### Your objective
Present each line of the entries below that holds the word "moreover".

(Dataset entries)
lemma zonotope_signal_coefficients:
  assumes "\<forall>s\<in>S. v s \<in> zonotope c G"
  obtains \<mu> where "\<forall>s\<in>S. v s = c + G *v \<mu> s \<and> (\<forall>j. \<bar>\<mu> s $ j\<bar> \<le> 1)"
proof -
  have "\<forall>s\<in>S. \<exists>l. v s = c + G *v l \<and> (\<forall>j. \<bar>l $ j\<bar> \<le> 1)"
    using assms by (auto simp: zonotope_def)
  then show ?thesis
    using that by (metis bchoice)
qed

lemma absprod_nonneg:
  assumes "\<forall>j<k. p j \<ge> 0"
  shows "absprod M col p k \<ge> 0"
  using assms by (auto simp: absprod_def vabs_def less_eq_vec_def intro!: sum_nonneg)

lemma bounded_perturbation_in_box:
  fixes c P lo hi :: "real^'m" and M :: "real^'n^'m" and N :: "'s \<Rightarrow> real^'k^'m"
  assumes lam: "\<forall>j. \<bar>lam $ j\<bar> \<le> 1" and \<mu>: "\<forall>s\<in>S. \<forall>j. \<bar>\<mu> s $ j\<bar> \<le> 1" and "P \<ge> 0"
    and lo: "lo \<le> c - mabs M *v ones - P - (\<Sum>s\<in>S. mabs (N s) *v ones)"
    and hi: "c + mabs M *v ones + P + (\<Sum>s\<in>S. mabs (N s) *v ones) \<le> hi"
  shows "lo \<le> c + M *v lam + (\<Sum>s\<in>S. N s *v \<mu> s) \<and> c + M *v lam + (\<Sum>s\<in>S. N s *v \<mu> s) \<le> hi"
proof -
  have "lo $ i \<le> (c + M *v lam + (\<Sum>s\<in>S. N s *v \<mu> s)) $ i
      \<and> (c + M *v lam + (\<Sum>s\<in>S. N s *v \<mu> s)) $ i \<le> hi $ i" for i
  proof -
    have "\<bar>(M *v lam) $ i\<bar> \<le> (mabs M *v ones) $ i"
      using lam by (rule abs_matrix_vector_le_mabs_ones)
    moreover have "\<bar>(\<Sum>s\<in>S. N s *v \<mu> s) $ i\<bar> \<le> (\<Sum>s\<in>S. mabs (N s) *v ones) $ i"
      using \<mu> by (intro abs_sum_matrix_vector_le_mabs_ones) auto
    moreover have "P $ i \<ge> 0" "lo $ i \<le> (c - mabs M *v ones - P - (\<Sum>s\<in>S. mabs (N s) *v ones)) $ i"
      "(c + mabs M *v ones + P + (\<Sum>s\<in>S. mabs (N s) *v ones)) $ i \<le> hi $ i"
      using \<open>P \<ge> 0\<close> lo hi by (simp_all add: less_eq_vec_def)
    ultimately show ?thesis by (auto simp: abs_le_iff)
  qed
  then show ?thesis by (simp add: less_eq_vec_def)
qed

lemma traj_affine_feedback_in_box:
  assumes lam: "\<forall>j. \<bar>lam $ j\<bar> \<le> 1"
    and u: "\<forall>s<t. u s = \<beta> s + \<Phi> s *v lam"
    and v: "\<forall>s<t. v s = c + G\<^sub>v *v \<mu> s \<and> (\<forall>j. \<bar>\<mu> s $ j\<bar> \<le> 1)"
    and "P \<ge> 0"
    and "lo \<le> matpow A t *v \<alpha> + (\<Sum>s<t. matpow A (t-1-s) *v (B *v \<beta> s + C *v c + w))
      - mabs (matpow A t ** G + (\<Sum>s<t. matpow A (t-1-s) ** B ** \<Phi> s)) *v ones - P
      - (\<Sum>s<t. mabs (matpow A (t-1-s) ** C ** G\<^sub>v) *v ones)"
    and "matpow A t *v \<alpha> + (\<Sum>s<t. matpow A (t-1-s) *v (B *v \<beta> s + C *v c + w))
      + mabs (matpow A t ** G + (\<Sum>s<t. matpow A (t-1-s) ** B ** \<Phi> s)) *v ones + P
      + (\<Sum>s<t. mabs (matpow A (t-1-s) ** C ** G\<^sub>v) *v ones) \<le> hi"
  shows "lo \<le> traj A B C w (\<alpha> + G *v lam) u v t \<and> traj A B C w (\<alpha> + G *v lam) u v t \<le> hi"
proof -
  have "traj A B C w (\<alpha> + G *v lam) u v t =
      matpow A t *v \<alpha> + (\<Sum>s<t. matpow A (t-1-s) *v (B *v \<beta> s + C *v c + w))
    + (matpow A t ** G + (\<Sum>s<t. matpow A (t-1-s) ** B ** \<Phi> s)) *v lam
    + (\<Sum>s<t. (matpow A (t-1-s) ** C ** G\<^sub>v) *v \<mu> s)"
    using u v by (intro traj_affine_feedback) auto
  with assms show ?thesis
    by (simp add: bounded_perturbation_in_box)
qed

theorem proposition6p2:
  fixes A :: "real^'x^'x" and B :: "real^'u^'x" and C :: "real^'v^'x" and w :: "real^'x"
    and ulo uhi :: "real^'u" and xlo xhi :: "real^'x"
    and cV :: "real^'v" and GV :: "real^'nv^'v"
    and T :: nat
    and GI :: "real^'ni^'x" and \<alpha> :: "real^'x" and \<gamma> :: "real^'ni"
    and \<beta> :: "nat \<Rightarrow> real^'u" and \<Phi> :: "nat \<Rightarrow> real^'ni^'u"
    and m :: "nat \<Rightarrow> nat" and GF :: "nat \<Rightarrow> nat \<Rightarrow> real^'u" and \<psi> :: "nat \<Rightarrow> nat \<Rightarrow> real"
  assumes ulo_uhi: "ulo \<le> uhi"
    and gamma_nonneg: "\<gamma> \<ge> 0"
    and psi_nonneg: "\<forall>t<T. \<forall>j<m t. \<psi> t j \<ge> 0"
    and state_lo: "\<forall>t\<le>T.
       matpow A t *v \<alpha> + (\<Sum>s<t. matpow A (t-1-s) *v (B *v \<beta> s + C *v cV + w))
       - mabs (matpow A t ** GI ** diagm \<gamma> + (\<Sum>s<t. matpow A (t-1-s) ** B ** \<Phi> s)) *v ones
       - (\<Sum>s<t. absprod (matpow A (t-1-s) ** B) (GF s) (\<psi> s) (m s))
       - (\<Sum>s<t. mabs (matpow A (t-1-s) ** C ** GV) *v ones) \<ge> xlo"
    and state_hi: "\<forall>t\<le>T.
       matpow A t *v \<alpha> + (\<Sum>s<t. matpow A (t-1-s) *v (B *v \<beta> s + C *v cV + w))
       + mabs (matpow A t ** GI ** diagm \<gamma> + (\<Sum>s<t. matpow A (t-1-s) ** B ** \<Phi> s)) *v ones
       + (\<Sum>s<t. absprod (matpow A (t-1-s) ** B) (GF s) (\<psi> s) (m s))
       + (\<Sum>s<t. mabs (matpow A (t-1-s) ** C ** GV) *v ones) \<le> xhi"
    and input_lo: "\<forall>t<T. \<beta> t - mabs (\<Phi> t) *v ones - absprod (mat 1) (GF t) (\<psi> t) (m t) \<ge> ulo"
    and input_hi: "\<forall>t<T. \<beta> t + mabs (\<Phi> t) *v ones + absprod (mat 1) (GF t) (\<psi> t) (m t) \<le> uhi"
  shows "zonotope \<alpha> (GI ** diagm \<gamma>)
         \<subseteq> Disc A B C w {u. ulo \<le> u \<and> u \<le> uhi} (zonotope cV GV) T {x. xlo \<le> x \<and> x \<le> xhi}"
proof
  fix x0 assume "x0 \<in> zonotope \<alpha> (GI ** diagm \<gamma>)"
  then obtain lam where x0: "x0 = \<alpha> + (GI ** diagm \<gamma>) *v lam" and lam: "\<forall>j. \<bar>lam $ j\<bar> \<le> 1"
    by (auto simp: zonotope_def)
  define u where "u t = (if t < T then \<beta> t + \<Phi> t *v lam else ulo)" for t
  have u_in_U: "ulo \<le> u t \<and> u t \<le> uhi" for t
  proof (cases "t < T")
    case True
    have "absprod (mat 1) (GF t) (\<psi> t) (m t) \<ge> 0"
      using psi_nonneg True by (intro absprod_nonneg) auto
    then show ?thesis
      using bounded_perturbation_in_box[OF lam, where S = "{}" and c = "\<beta> t" and M = "\<Phi> t"]
        input_lo input_hi True
      by (simp add: u_def) blast
  qed (use ulo_uhi in \<open>simp add: u_def\<close>)
  have x_in_X: "xlo \<le> traj A B C w x0 u v t \<and> traj A B C w x0 u v t \<le> xhi"
    if v_in_V: "\<forall>s\<le>T. v s \<in> zonotope cV GV" and "t \<le> T" for v t
  proof -
    obtain \<mu> where \<mu>: "\<forall>s\<in>{..T}. v s = cV + GV *v \<mu> s \<and> (\<forall>j. \<bar>\<mu> s $ j\<bar> \<le> 1)"
      using zonotope_signal_coefficients[of "{..T}" v cV GV] v_in_V by auto
    have "(\<Sum>s<t. absprod (matpow A (t-1-s) ** B) (GF s) (\<psi> s) (m s)) \<ge> 0"
      using psi_nonneg \<open>t \<le> T\<close> by (intro sum_nonneg absprod_nonneg) auto
    then show ?thesis
      unfolding x0 using \<mu> \<open>t \<le> T\<close> state_lo state_hi
      by (intro traj_affine_feedback_in_box[OF lam]) (auto simp: u_def matrix_mul_assoc diff_diff_eq add.assoc)
  qed
  have "xlo \<le> x0 \<and> x0 \<le> xhi"
    using x_in_X[of "\<lambda>_. cV" 0] by (simp add: center_in_zonotope)
  then show "x0 \<in> Disc A B C w {u. ulo \<le> u \<and> u \<le> uhi} (zonotope cV GV) T {x. xlo \<le> x \<and> x \<le> xhi}"
    unfolding Disc_def using u_in_U x_in_X by blast
qed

### Output
    moreover have "\<bar>(\<Sum>s\<in>S. N s *v \<mu> s) $ i\<bar> \<le> (\<Sum>s\<in>S. mabs (N s) *v ones) $ i"
    moreover have "P $ i \<ge> 0" "lo $ i \<le> (c - mabs M *v ones - P - (\<Sum>s\<in>S. mabs (N s) *v ones)) $ i"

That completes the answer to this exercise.